The ESCAPE Hettrick-Bowyer telescope comprises a grazing-incidence mirror that focus ultraviolet light through a spectral filter, where a secondary mirror module directs light to a set of grazing-incidence gratings and a set of normal-incidence gratings that disperse light as spectra onto the microchannel plate detector.
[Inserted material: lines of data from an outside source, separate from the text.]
lemma fold_Comp:
  assumes "m \<in> Ar C" "set ms \<subseteq> Ar C" "composable C (m # ms)"
  shows "fold (\<lambda>g acc. Comp C g acc) ms m \<in> Ar C \<and>
    Dom C (fold (\<lambda>g acc. Comp C g acc) ms m) = Dom C m \<and>
    Cod C (fold (\<lambda>g acc. Comp C g acc) ms m) = Cod C (last (m # ms)) \<and>
    (non_id C m \<or> (\<exists>e\<in>set ms. non_id C e) \<longrightarrow> non_id C (fold (\<lambda>g acc. Comp C g acc) ms m))"
  using assms
proof (induction ms arbitrary: m)
  case Nil
  then show ?case by simp
next
  case (Cons g ms)
  then have g: "g \<in> Ar C" "Cod C m = Dom C g" by auto
  then have "Comp C g m \<in> Ar C" "composable C (Comp C g m # ms)"
    using Cons.prems Comp_in_Ar by (auto simp: composable_Cons)
  moreover have "non_id C m \<or> non_id C g \<Longrightarrow> non_id C (Comp C g m)"
    using non_id_Comp Cons.prems(1) g by blast
  ultimately show ?case
    using Cons.IH[of "Comp C g m"] Cons.prems(1,2) g by (cases ms) auto
qed

lemma
  assumes "ms \<noteq> []" "set ms \<subseteq> Ar C" "composable C ms"
  shows path_comp_in_Ar: "path_comp C ms \<in> Ar C"
    and Dom_path_comp: "Dom C (path_comp C ms) = Dom C (hd ms)"
    and Cod_path_comp: "Cod C (path_comp C ms) = Cod C (last ms)"
    and non_id_path_comp: "\<exists>e\<in>set ms. non_id C e \<Longrightarrow> non_id C (path_comp C ms)"
  using assms fold_Comp[of "hd ms" "tl ms"] by (cases ms; auto)+

end

section \<open>Ladders and the categories \<open>G_n\<close>\<close>

lemma G_cat_simps [simp]:
  "Ob (G_cat C n) = nondeg_strings C n" "Dom (G_cat C n) = fst" "Cod (G_cat C n) = (\<lambda>l. fst (snd l))"
  "Idm (G_cat C n) = id_ladder C" "Comp (G_cat C n) = comp_ladder C"
  by (simp_all add: G_cat_def)

lemma id_ladder_simps [simp]:
  "fst (id_ladder C s) = s" "fst (snd (id_ladder C s)) = s"
  "snd (snd (id_ladder C s)) = map (\<lambda>i. Idm C (obj_at C s i)) [0..<Suc (length (snd s))]"
  by (simp_all add: id_ladder_def)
This ultimately results in spectra ranging from 80 Å to 825 Å (EUV) and from 1280 Å to 1650 Å (FUV) with 1 Å resolution. Once downlinked and processed, these measurements will be accessible on Mikulski Archive for Space Telescopes (MAST).

==Construction==

ESCAPE is being designed and built by several institutions, led by Principal Investigator Kevin France at the Laboratory for Atmospheric and Space Physics (LASP), a research institute at University of Colorado Boulder.
- LASP is responsible for the overall project, instrument design, instrument integration, mission operations, and science data processing.
- Ball Aerospace provides the spacecraft bus, integrates it with the telescope, and performs spacecraft level environmental testing.
- Marshall Space Flight Center and Smithsonian Astrophysical Observatory jointly manufacture, assembles, and align the concentric, grazing incidence mirrors optimized for ESCAPE's observing bandpass.
- Pennsylvania State University provides the custom gratings that disperse incoming light into spectra.
- University of California Berkeley provides the specialized detector.